• [Requirement] Whenever a line in this data holds the word "longleftrightarrow", report that line in full.

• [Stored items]
========================================================================
(* Let $p\ge1$, $h,w,s$ positive integers with $s\le h$, $X\in\mathbb{R}^{h\times w}$ nonzero, $0<B\le wh^2$, $\delta\in(0,1/4)$, and $x_{\min}=\min_{|X_{i,j}|>0}|X_{i,j}|^p$. Let $0\le r\le l$ with $l-r\le \delta x_{\min}/(wh^2)$. Let $\Omega_l$ be an $l$-optimal support with $\mathrm{EMD}[\Omega_l]\le B$ and $\Omega_r$ an $r$-optimal support with $\mathrm{EMD}[\Omega_r]\ge B$. Let $d=\lfloor \mathrm{EMD}[\Omega_r]/B\rfloor$ and let $\Omega_r'$ be any support with $\Phi[\Omega_r']\ge\Phi[\Omega_r]/(2(d+1))$. Then, with $\mathrm{OPT}=\max_{\Omega\in\mathbb{M}_{k,B}}\Phi[\Omega]$, $$\max\{\Phi[\Omega_r'],\Phi[\Omega_l]\}\ \ge\ \left(\tfrac14-\delta\right)\mathrm{OPT}.$$
   Context: A support is a set $\Omega\subseteq[h]\times[w]$, with columns $\Omega_j=\{i:(i,j)\in\Omega\}$; $\Phi[\Omega]=\sum_{(i,j)\in\Omega}|X_{i,j}|^p$. For finite $A,B\subset\mathbb{N}$ with $|A|=|B|$, $\mathrm{EMD}(A,B)=\min_\pi\sum_{a\in A}|a-\pi(a)|$ over bijections $\pi:A\to B$; if every column has $s$ elements, $\mathrm{EMD}[\Omega]=\sum_{j=1}^{w-1}\mathrm{EMD}(\Omega_j,\Omega_{j+1})$. $\mathcal{S}_s$ is the set of supports with $|\Omega_j|=s$ for all $j$, and $\mathbb{M}_{k,B}=\{\Omega\in\mathcal{S}_s:\mathrm{EMD}[\Omega]\le B\}$ where $k=sw$. For $\lambda\ge0$, a support $\Omega$ is $\lambda$-optimal if $\Omega\in\mathcal{S}_s$ and it maximizes $\Phi[\Omega]-\lambda\,\mathrm{EMD}[\Omega]$ over $\mathcal{S}_s$ (equivalently, it is the support of an integral min-cost max-flow in the EMD flow network with node costs $-|X_{i,j}|^p$, edge costs $\lambda|i_1-i_2|$ between consecutive columns, unit capacities, and supply/demand $s$). *)

theory Defs
  imports Complex_Main
begin

text \<open>Supports are sets of positions (i,j) with rows i in {1..h} and columns j in {1..w}.
  The matrix X is a function nat => nat => real; only entries with 1 <= i <= h, 1 <= j <= w matter.\<close>

definition ndist :: "nat \<Rightarrow> nat \<Rightarrow> nat" where
  "ndist a b = (if a \<le> b then b - a else a - b)"

definition emd_set :: "nat set \<Rightarrow> nat set \<Rightarrow> nat" where
  "emd_set A B = (LEAST c. \<exists>\<pi>. bij_betw \<pi> A B \<and> c = (\<Sum>a\<in>A. ndist a (\<pi> a)))"

definition col :: "(nat \<times> nat) set \<Rightarrow> nat \<Rightarrow> nat set" where
  "col \<Omega> j = {i. (i, j) \<in> \<Omega>}"

definition EMD :: "nat \<Rightarrow> (nat \<times> nat) set \<Rightarrow> nat" where
  "EMD w \<Omega> = (\<Sum>j = 1..w - 1. emd_set (col \<Omega> j) (col \<Omega> (j + 1)))"

definition Phi :: "real \<Rightarrow> (nat \<Rightarrow> nat \<Rightarrow> real) \<Rightarrow> (nat \<times> nat) set \<Rightarrow> real" where
  "Phi p X \<Omega> = (\<Sum>(i, j)\<in>\<Omega>. \<bar>X i j\<bar> powr p)"

definition is_support :: "nat \<Rightarrow> nat \<Rightarrow> (nat \<times> nat) set \<Rightarrow> bool" where
  "is_support h w \<Omega> \<longleftrightarrow> \<Omega> \<subseteq> {1..h} \<times> {1..w}"

definition S_s :: "nat \<Rightarrow> nat \<Rightarrow> nat \<Rightarrow> (nat \<times> nat) set set" where
  "S_s h w s = {\<Omega>. is_support h w \<Omega> \<and> (\<forall>j\<in>{1..w}. card (col \<Omega> j) = s)}"

text \<open>M_{k,B} with k = s w.\<close>
definition M_kB :: "nat \<Rightarrow> nat \<Rightarrow> nat \<Rightarrow> real \<Rightarrow> (nat \<times> nat) set set" where
  "M_kB h w s B = {\<Omega> \<in> S_s h w s. real (EMD w \<Omega>) \<le> B}"

definition lambda_optimal ::
  "real \<Rightarrow> (nat \<Rightarrow> nat \<Rightarrow> real) \<Rightarrow> nat \<Rightarrow> nat \<Rightarrow> nat \<Rightarrow> real \<Rightarrow> (nat \<times> nat) set \<Rightarrow> bool" where
  "lambda_optimal p X h w s lam \<Omega> \<longleftrightarrow> \<Omega> \<in> S_s h w s \<and>
     (\<forall>\<Omega>'\<in>S_s h w s. Phi p X \<Omega>' - lam * real (EMD w \<Omega>') \<le> Phi p X \<Omega> - lam * real (EMD w \<Omega>))"

definition x_min :: "real \<Rightarrow> (nat \<Rightarrow> nat \<Rightarrow> real) \<Rightarrow> nat \<Rightarrow> nat \<Rightarrow> real" where
  "x_min p X h w = Min {\<bar>X i j\<bar> powr p | i j. i \<in> {1..h} \<and> j \<in> {1..w} \<and> \<bar>X i j\<bar> > 0}"

definition OPT :: "real \<Rightarrow> (nat \<Rightarrow> nat \<Rightarrow> real) \<Rightarrow> nat \<Rightarrow> nat \<Rightarrow> nat \<Rightarrow> real \<Rightarrow> real" where
  "OPT p X h w s B = Max (Phi p X ` M_kB h w s B)"

end

theory Submission
  imports Defs
begin

text \<open>Let \<Omega>* attain OPT. Comparing the Lagrangians of \<Omega>r and \<Omega>* gives
  \<Phi>[\<Omega>r] \<ge> OPT + r (EMD[\<Omega>r] - B); comparing those of \<Omega>l and \<Omega>r gives
  \<Phi>[\<Omega>l] \<ge> OPT - r B - (l - r) EMD[\<Omega>r] \<ge> (1 - \<delta>) OPT - r B,
  because EMD[\<Omega>r] \<le> w h^2 and x_min \<le> OPT (s full rows through a nonzero entry form
  a support with EMD 0). With u = EMD[\<Omega>r] / B \<ge> 1 the hypothesis on \<Omega>r' yields
  2 (u + 1) \<Phi>[\<Omega>r'] \<ge> OPT + r B (u - 1). Adding u - 1 times the bound on \<Omega>l eliminates
  r B and leaves (3u + 1) max{\<Phi>[\<Omega>r'], \<Phi>[\<Omega>l]} \<ge> (1 + (u - 1)(1 - \<delta>)) OPT,
  which is at least (3u + 1)(1/4 - \<delta>) OPT.\<close>

lemma Phi_nonneg: "0 \<le> Phi p X \<Omega>"
  unfolding Phi_def by (intro sum_nonneg) auto

lemma emd_set_le_square:
  assumes "A \<subseteq> {1..h}" "B \<subseteq> {1..h}" "card A = card B"
  shows "emd_set A B \<le> h * h"
proof -
  have "finite A" "finite B" using assms(1,2) finite_subset by blast+
  then obtain \<pi> where \<pi>: "bij_betw \<pi> A B" using finite_same_card_bij assms(3) by blast
  have "emd_set A B \<le> (\<Sum>a\<in>A. ndist a (\<pi> a))"
    unfolding emd_set_def by (rule Least_le) (use \<pi> in blast)
  also have "\<dots> \<le> (\<Sum>a\<in>A. h)"
  proof (rule sum_mono)
    fix a assume "a \<in> A"
    then have "a \<le> h" "\<pi> a \<le> h" using \<pi> assms(1,2) bij_betwE by fastforce+
    then show "ndist a (\<pi> a) \<le> h" unfolding ndist_def by auto
  qed
  also have "\<dots> = card A * h" by simp
  also have "\<dots> \<le> h * h" using card_mono[OF _ assms(1)] by simp
  finally show ?thesis .
qed

lemma EMD_le_S_s:
  assumes "\<Omega> \<in> S_s h w s"
  shows "real (EMD w \<Omega>) \<le> real w * real h ^ 2"
proof -
  have "EMD w \<Omega> \<le> (\<Sum>j = 1..w - 1. h * h)"
    unfolding EMD_def
  proof (rule sum_mono)
    fix j assume "j \<in> {1..w - 1}"
    with assms show "emd_set (col \<Omega> j) (col \<Omega> (j + 1)) \<le> h * h"
      by (intro emd_set_le_square) (auto simp: S_s_def is_support_def col_def)
  qed
  also have "\<dots> \<le> w * (h * h)" by simp
  finally show ?thesis by (simp add: power2_eq_square flip: of_nat_mult)
qed

lemma emd_set_self: "emd_set A A = 0"
  unfolding emd_set_def by (rule Least_eq_0) (rule exI[of _ id], simp add: ndist_def)

lemma Times_in_M_kB:
  assumes "S \<subseteq> {1..h}" "card S = s" "0 \<le> B"
  shows "S \<times> {1..w} \<in> M_kB h w s B"
proof -
  have col: "col (S \<times> {1..w}) j = S" if "j \<in> {1..w}" for j
    using that by (auto simp: col_def)
  have "EMD w (S \<times> {1..w}) = 0"
    unfolding EMD_def
  proof (rule sum.neutral, intro ballI)
    fix j assume "j \<in> {1..w - 1}"
    then have "j \<in> {1..w}" "j + 1 \<in> {1..w}" by auto
    then show "emd_set (col (S \<times> {1..w}) j) (col (S \<times> {1..w}) (j + 1)) = 0"
      using col[of j] col[of "j + 1"] by (simp add: emd_set_self)
  qed
  then show ?thesis
    using assms col by (auto simp: M_kB_def S_s_def is_support_def)
qed

lemma finite_M_kB: "finite (M_kB h w s B)"
proof (rule finite_subset)
  show "M_kB h w s B \<subseteq> Pow ({1..h} \<times> {1..w})"
    by (auto simp: M_kB_def S_s_def is_support_def)
qed simp

lemma Phi_le_OPT: "\<Omega> \<in> M_kB h w s B \<Longrightarrow> Phi p X \<Omega> \<le> OPT p X h w s B"
  unfolding OPT_def using finite_M_kB by (intro Max_ge) auto

lemma OPT_attained:
  assumes "M_kB h w s B \<noteq> {}"
  obtains \<Omega> where "\<Omega> \<in> M_kB h w s B" "Phi p X \<Omega> = OPT p X h w s B"
proof -
  have "OPT p X h w s B \<in> Phi p X ` M_kB h w s B"
    unfolding OPT_def using finite_M_kB assms by (intro Max_in) auto
  then show ?thesis using that by force
qed

lemma entry_le_OPT:
  assumes "i \<in> {1..h}" "j \<in> {1..w}" "0 < s" "s \<le> h" "0 \<le> B"
  shows "\<bar>X i j\<bar> powr p \<le> OPT p X h w s B"
proof -
  have "s - 1 \<le> card ({1..h} - {i})" using assms(1,4) by simp
  then obtain T where T: "T \<subseteq> {1..h} - {i}" "card T = s - 1"
    by (rule obtain_subset_with_card_n)
  then have "finite T" by (meson finite_Diff finite_atLeastAtMost finite_subset)
  with T assms(1,3) have S: "insert i T \<subseteq> {1..h}" "card (insert i T) = s"
    by (auto simp: card_insert_if)
  have "\<bar>X i j\<bar> powr p \<le> Phi p X (insert i T \<times> {1..w})"
    unfolding Phi_def using S(1) assms(2) finite_subset[OF S(1)]
      member_le_sum[of "(i, j)" "insert i T \<times> {1..w}" "\<lambda>(i, j). \<bar>X i j\<bar> powr p"]
    by auto
  also have "\<dots> \<le> OPT p X h w s B"
    using S assms(5) by (intro Phi_le_OPT Times_in_M_kB)
  finally show ?thesis .
qed

lemma finite_x_min_set:
  fixes X :: "nat \<Rightarrow> nat \<Rightarrow> real"
  shows "finite {\<bar>X i j\<bar> powr p | i j. i \<in> {1..h} \<and> j \<in> {1..w} \<and> \<bar>X i j\<bar> > 0}"
proof -
  have "{\<bar>X i j\<bar> powr p | i j. i \<in> {1..h} \<and> j \<in> {1..w} \<and> \<bar>X i j\<bar> > 0}
      \<subseteq> (\<lambda>(i, j). \<bar>X i j\<bar> powr p) ` ({1..h} \<times> {1..w})" by auto
  then show ?thesis by (rule finite_subset) simp
qed

lemma x_min_le_entry:
  assumes "i \<in> {1..h}" "j \<in> {1..w}" "X i j \<noteq> 0"
  shows "x_min p X h w \<le> \<bar>X i j\<bar> powr p"
  unfolding x_min_def by (rule Min_le[OF finite_x_min_set]) (use assms in auto)

lemma x_min_nonneg:
  assumes "\<exists>i\<in>{1..h}. \<exists>j\<in>{1..w}. X i j \<noteq> 0"
  shows "0 \<le> x_min p X h w"
proof -
  obtain i j where "i \<in> {1..h}" "j \<in> {1..w}" "X i j \<noteq> 0" using assms by blast
  then have "{\<bar>X i j\<bar> powr p | i j. i \<in> {1..h} \<and> j \<in> {1..w} \<and> \<bar>X i j\<bar> > 0} \<noteq> {}"
    by auto
  then show ?thesis unfolding x_min_def by (subst Min_ge_iff[OF finite_x_min_set]) auto
qed

lemma x_min_le_OPT:
  assumes "\<exists>i\<in>{1..h}. \<exists>j\<in>{1..w}. X i j \<noteq> 0" "0 < s" "s \<le> h" "0 \<le> B"
  shows "x_min p X h w \<le> OPT p X h w s B"
  using assms x_min_le_entry entry_le_OPT by (meson order_trans)

lemma lambda_optimal_Phi_ge:
  assumes "lambda_optimal p X h w s r \<Omega>r" "\<Omega> \<in> M_kB h w s B" "0 \<le> r"
  shows "Phi p X \<Omega> + r * (real (EMD w \<Omega>r) - B) \<le> Phi p X \<Omega>r"
proof -
  have "Phi p X \<Omega> - r * real (EMD w \<Omega>) \<le> Phi p X \<Omega>r - r * real (EMD w \<Omega>r)"
    using assms(1,2) by (auto simp: lambda_optimal_def M_kB_def)
  moreover have "r * real (EMD w \<Omega>) \<le> r * B"
    using assms(2,3) by (intro mult_left_mono) (auto simp: M_kB_def)
  ultimately show ?thesis by (simp add: algebra_simps)
qed

lemma lambda_optimal_pair_Phi_ge:
  assumes "lambda_optimal p X h w s l \<Omega>l" "lambda_optimal p X h w s r \<Omega>r"
    and "\<Omega> \<in> M_kB h w s B" "0 \<le> r" "r \<le> l"
  shows "Phi p X \<Omega> - r * B - (l - r) * real (EMD w \<Omega>r) \<le> Phi p X \<Omega>l"
proof -
  have "Phi p X \<Omega>r - l * real (EMD w \<Omega>r) \<le> Phi p X \<Omega>l - l * real (EMD w \<Omega>l)"
    using assms(1,2) by (auto simp: lambda_optimal_def)
  moreover have "0 \<le> l * real (EMD w \<Omega>l)" using assms(4,5) by simp
  ultimately show ?thesis
    using lambda_optimal_Phi_ge[OF assms(2-4)] by (simp add: algebra_simps)
qed

lemma max_ge_quarter:
  fixes Opt x u \<delta> Pl Pr Pr' :: real
  assumes "0 \<le> Opt" "1 \<le> u" "0 \<le> \<delta>"
    and "(1 - \<delta>) * Opt - x \<le> Pl" "Opt + x * (u - 1) \<le> Pr" "Pr \<le> 2 * (u + 1) * Pr'"
  shows "(1/4 - \<delta>) * Opt \<le> max Pr' Pl"
proof -
  let ?M = "max Pr' Pl"
  have "(u - 1) * ((1 - \<delta>) * Opt - x) \<le> (u - 1) * ?M"
    using assms(2,4) by (intro mult_left_mono) auto
  moreover have "2 * (u + 1) * Pr' \<le> 2 * (u + 1) * ?M"
    using assms(2) by (intro mult_left_mono) auto
  ultimately have "Opt + (u - 1) * (1 - \<delta>) * Opt \<le> (3 * u + 1) * ?M"
    using assms(5,6) by (simp add: algebra_simps)
  moreover have "0 \<le> Opt * (u - 1 + 8 * \<delta> * u + 8 * \<delta>)" using assms(1-3) by simp
  ultimately have "(3 * u + 1) * ((1/4 - \<delta>) * Opt) \<le> (3 * u + 1) * ?M"
    by (simp add: algebra_simps)
  then show ?thesis using assms(2) by simp
qed

lemma le_mult_succ_if_div_floor_succ_le:
  fixes x y u :: real
  assumes "0 \<le> u" "0 \<le> y" "x / (2 * (real_of_int \<lfloor>u\<rfloor> + 1)) \<le> y"
  shows "x \<le> 2 * (u + 1) * y"
proof -
  have D: "0 < real_of_int \<lfloor>u\<rfloor> + 1" "real_of_int \<lfloor>u\<rfloor> + 1 \<le> u + 1"
    using assms(1) by linarith+
  then have "x \<le> 2 * (real_of_int \<lfloor>u\<rfloor> + 1) * y"
    using assms(3) by (simp add: divide_le_eq mult_ac)
  also have "\<dots> \<le> 2 * (u + 1) * y" using D(2) assms(2) by (intro mult_right_mono) auto
  finally show ?thesis .
qed

theorem lemma11:
  fixes p :: real and h w s :: nat and X :: "nat \<Rightarrow> nat \<Rightarrow> real"
    and B \<delta> l r :: real and \<Omega>l \<Omega>r \<Omega>r' :: "(nat \<times> nat) set"
  assumes "p \<ge> 1" and "h > 0" and "w > 0" and "s > 0" and "s \<le> h"
    and "\<exists>i\<in>{1..h}. \<exists>j\<in>{1..w}. X i j \<noteq> 0"
    and "0 < B" and "B \<le> real w * real h ^ 2"
    and "0 < \<delta>" and "\<delta> < 1/4"
    and "0 \<le> r" and "r \<le> l"
    and "l - r \<le> \<delta> * x_min p X h w / (real w * real h ^ 2)"
    and "lambda_optimal p X h w s l \<Omega>l" and "real (EMD w \<Omega>l) \<le> B"
    and "lambda_optimal p X h w s r \<Omega>r" and "real (EMD w \<Omega>r) \<ge> B"
    and "is_support h w \<Omega>r'"
    and "Phi p X \<Omega>r' \<ge> Phi p X \<Omega>r / (2 * (real_of_int \<lfloor>real (EMD w \<Omega>r) / B\<rfloor> + 1))"
  shows "max (Phi p X \<Omega>r') (Phi p X \<Omega>l) \<ge> (1/4 - \<delta>) * OPT p X h w s B"
proof -
  define Er where "Er = real (EMD w \<Omega>r)"
  define u where "u = Er / B"
  have "\<Omega>l \<in> M_kB h w s B" using assms(14,15) by (simp add: lambda_optimal_def M_kB_def)
  then obtain \<Omega> where \<Omega>: "\<Omega> \<in> M_kB h w s B" "Phi p X \<Omega> = OPT p X h w s B"
    using OPT_attained by blast
  have u: "1 \<le> u" "Er = u * B" using assms(7,17) by (simp_all add: u_def Er_def)
  have "(l - r) * Er \<le> \<delta> * x_min p X h w / (real w * real h ^ 2) * (real w * real h ^ 2)"
    using assms(12,13,16) EMD_le_S_s x_min_nonneg[OF assms(6)] assms(9)
    by (intro mult_mono) (auto simp: Er_def lambda_optimal_def)
  also have "\<dots> \<le> \<delta> * OPT p X h w s B"
    using assms(2-5,7,9) x_min_le_OPT[OF assms(6)] by simp
  finally have "(1 - \<delta>) * OPT p X h w s B - r * B \<le> Phi p X \<Omega>l"
    using lambda_optimal_pair_Phi_ge[OF assms(14,16) \<Omega>(1) assms(11,12)] \<Omega>(2)
    by (simp add: Er_def algebra_simps)
  moreover have "OPT p X h w s B + r * B * (u - 1) \<le> Phi p X \<Omega>r"
    using lambda_optimal_Phi_ge[OF assms(16) \<Omega>(1) assms(11)] \<Omega>(2) u
    by (simp add: Er_def algebra_simps)
  moreover have "Phi p X \<Omega>r \<le> 2 * (u + 1) * Phi p X \<Omega>r'"
    using assms(19) u(1) Phi_nonneg
    by (intro le_mult_succ_if_div_floor_succ_le) (auto simp: u_def Er_def)
  ultimately show ?thesis
    using max_ge_quarter[OF _ u(1)] \<Omega>(2) Phi_nonneg[of p X \<Omega>] assms(9) by simp
qed

end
========================================================================
• [Solution for this task]
  "is_support h w \<Omega> \<longleftrightarrow> \<Omega> \<subseteq> {1..h} \<times> {1..w}"
  "lambda_optimal p X h w s lam \<Omega> \<longleftrightarrow> \<Omega> \<in> S_s h w s \<and>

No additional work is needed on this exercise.